Most recent answer: 10/22/2007

Q:
Why doesn’t gasoline freeze?
- Shelby (age 11)
Jacksonville, FL
A:
Well, gasoline should freeze if you get it cold enough! Gasoline does not consist of a single kind of molecule -- it contains several different hydrocarbons (molecules consisting of hydrogen and carbon atoms). In principle, if you cool a mixture like this slowly enough, it will form a collection of different types of frozen crystals, with the freezing of each type of crystal occurring over a (different) range of temperatures. In practice, often such mixtures don’t form crystals at all but just gradually thicken and harden as they get colder, forming something like glass- hard but without the regular crystal that make a true solid so different from a liquid. In a glass, on a small scale the molecules are still jumbled up like in a liquid.

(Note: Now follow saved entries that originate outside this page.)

(* Consider the climate-coalition game with linear-quadratic utility and populations $P_1>P_2>\dots>P_N>0$ (all distinct), $N\ge 3$. Restrict attention to pure-strategy Nash equilibria of the participation stage in which the coalition is nonempty. Then in any such equilibrium the coalition has at most two members, and country 1 (the most populous) is always a member. More precisely: (i) if $2P_2<P_1$, the unique equilibrium coalition is $\{1\}$; (ii) if $2P_2=P_1$, the equilibrium coalitions are exactly $\{1\}$ and $\{1,2\}$; (iii) if $2P_2>P_1$, every equilibrium coalition has exactly two members and is of the form $\{1,j\}$ with $j\in\{2,3,\dots,l\}$, where $l$ is the largest index such that $P_l\ge\max\{P_1/2,\;2P_2-P_1\}$; conversely each such $\{1,j\}$ is an equilibrium coalition.
   Context: Climate-coalition game: $N$ countries with populations $P_i>0$. The per-capita utility in country $i$ is $u_i=\beta A-\frac{\gamma}{2}a_i^2$ with $\beta,\gamma>0$, where $a_i\in\mathbb{R}$ is country $i$'s per-capita abatement and $A=\sum_j P_ja_j$. Stage 1: each country simultaneously and non-cooperatively decides whether to join a coalition $S$ (a strategy is "join" or "stay out"). Stage 2: the members of $S$ jointly choose their per-capita abatements to maximize the coalition's total welfare $W_S=\sum_{i\in S}P_iu_i$ (no transfers), while each outsider chooses its per-capita abatement to maximize its own $u_i$. A participation profile is a Nash equilibrium if no country can strictly increase its per-capita utility (evaluated at the resulting stage-2 outcome) by unilaterally switching its participation decision. (A one-member coalition and an empty coalition induce the same abatements, which is why only nonempty coalitions are considered.) *)

theory Defs
  imports Main Complex_Main
begin

text \<open>Countries are indexed by 1..N; populations P; abatement profile a (per capita).\<close>

definition total_abatement :: "nat \<Rightarrow> (nat \<Rightarrow> real) \<Rightarrow> (nat \<Rightarrow> real) \<Rightarrow> real" where
  "total_abatement N P a = (\<Sum>j\<in>{1..N}. P j * a j)"
(* Let $v\in\mathbb{Z}^d$ be primitive and $p$ a prime. Let $h\in H_v(\mathbb{Q}_p)\cap\mathrm{SO}_d(\mathbb{Z}_p)\mathrm{SO}_d(\mathbb{Z}[1/p])$, and write $h=c_1\gamma_1$ with $c_1\in\mathrm{SO}_d(\mathbb{Z}_p)$, $\gamma_1\in\mathrm{SO}_d(\mathbb{Z}[1/p])$, and $g_v^{-1}hg_v=c_2\gamma_2^{-1}$ with $c_2\in\mathrm{ASL}_{d-1}(\mathbb{Z}_p)$, $\gamma_2\in\mathrm{ASL}_{d-1}(\mathbb{Z}[1/p])$. Then $\gamma_1g_v\gamma_2\in\mathrm{SL}_d(\mathbb{Z})$.
   Context: For primitive $v\in\mathbb{Z}^d$: $\Lambda_v=v^\perp\cap\mathbb{Z}^d$; $H_v\le\mathrm{SO}_d$ is the stabilizer of $v$ (a $\mathbb{Q}$-algebraic group); $g_v\in\mathrm{SL}_d(\mathbb{Z})$ is a matrix whose first $d-1$ columns form a positively oriented $\mathbb{Z}$-basis of $\Lambda_v$. $\mathrm{ASL}_{d-1}=\{\begin{pmatrix}g&*\\0&1\end{pmatrix}:g\in\mathrm{SL}_{d-1}\}\le\mathrm{SL}_d$; one has $g_v^{-1}H_vg_v\le\mathrm{ASL}_{d-1}$ and $\mathrm{ASL}_{d-1}(\mathbb{Q}_p)=\mathrm{ASL}_{d-1}(\mathbb{Z}_p)\mathrm{ASL}_{d-1}(\mathbb{Z}[1/p])$, so such decompositions exist. *)

theory Defs
  imports Complex_Main "HOL-Computational_Algebra.Factorial_Ring" "Jordan_Normal_Form.Determinant"
begin

definition pval :: "nat \<Rightarrow> rat \<Rightarrow> int" where
  "pval p q = (case quotient_of q of (a, b) \<Rightarrow>
      int (multiplicity (int p) a) - int (multiplicity (int p) b))"

definition pnorm :: "nat \<Rightarrow> rat \<Rightarrow> real" where
  "pnorm p q = (if q = 0 then 0 else real p powr (- real_of_int (pval p q)))"

definition in_Zinvp :: "nat \<Rightarrow> rat \<Rightarrow> bool" where
  "in_Zinvp p q \<longleftrightarrow> (\<exists>(a::int) (k::nat). q = of_int a / of_nat p ^ k)"

section \<open>Matrices over Q_p, modelled as p-adic Cauchy sequences of rational matrices
  (Q_p = completion of Q with respect to pnorm)\<close>

definition padic_null_seq :: "nat \<Rightarrow> (nat \<Rightarrow> rat) \<Rightarrow> bool" where
  "padic_null_seq p x \<longleftrightarrow> (\<forall>\<epsilon>>0. \<exists>N. \<forall>k\<ge>N. pnorm p (x k) < \<epsilon>)"

definition padic_cauchy :: "nat \<Rightarrow> nat \<Rightarrow> nat \<Rightarrow> (nat \<Rightarrow> rat mat) \<Rightarrow> bool" where
  "padic_cauchy p m n X \<longleftrightarrow> (\<forall>k. X k \<in> carrier_mat m n) \<and>
     (\<forall>\<epsilon>>0. \<exists>N. \<forall>k\<ge>N. \<forall>l\<ge>N. \<forall>i<m. \<forall>j<n. pnorm p (X k $$ (i, j) - X l $$ (i, j)) < \<epsilon>)"

definition padic_eq :: "nat \<Rightarrow> nat \<Rightarrow> nat \<Rightarrow> (nat \<Rightarrow> rat mat) \<Rightarrow> (nat \<Rightarrow> rat mat) \<Rightarrow> bool" where
  "padic_eq p m n X Y \<longleftrightarrow> (\<forall>i<m. \<forall>j<n. padic_null_seq p (\<lambda>k. X k $$ (i, j) - Y k $$ (i, j)))"

definition padic_integral :: "nat \<Rightarrow> nat \<Rightarrow> nat \<Rightarrow> (nat \<Rightarrow> rat mat) \<Rightarrow> bool" where
  "padic_integral p m n X \<longleftrightarrow> (\<exists>N. \<forall>k\<ge>N. \<forall>i<m. \<forall>j<n. pnorm p (X k $$ (i, j)) \<le> 1)"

The problem of fuel getting gummy and solidifying is more of a worry with aviation fuel. High-flying airplanes fly through very cold air (every time I fly and they show the outside temperature, it’s -80 F!). And one of the last things you want to happen to an airplane is for the fuel pipe to freeze up. People add stuff to aviation fuel to keep this from happening. Piston-powered propeller planes sometimes have isopropyl alcohol or other compounds added to prevent freezing.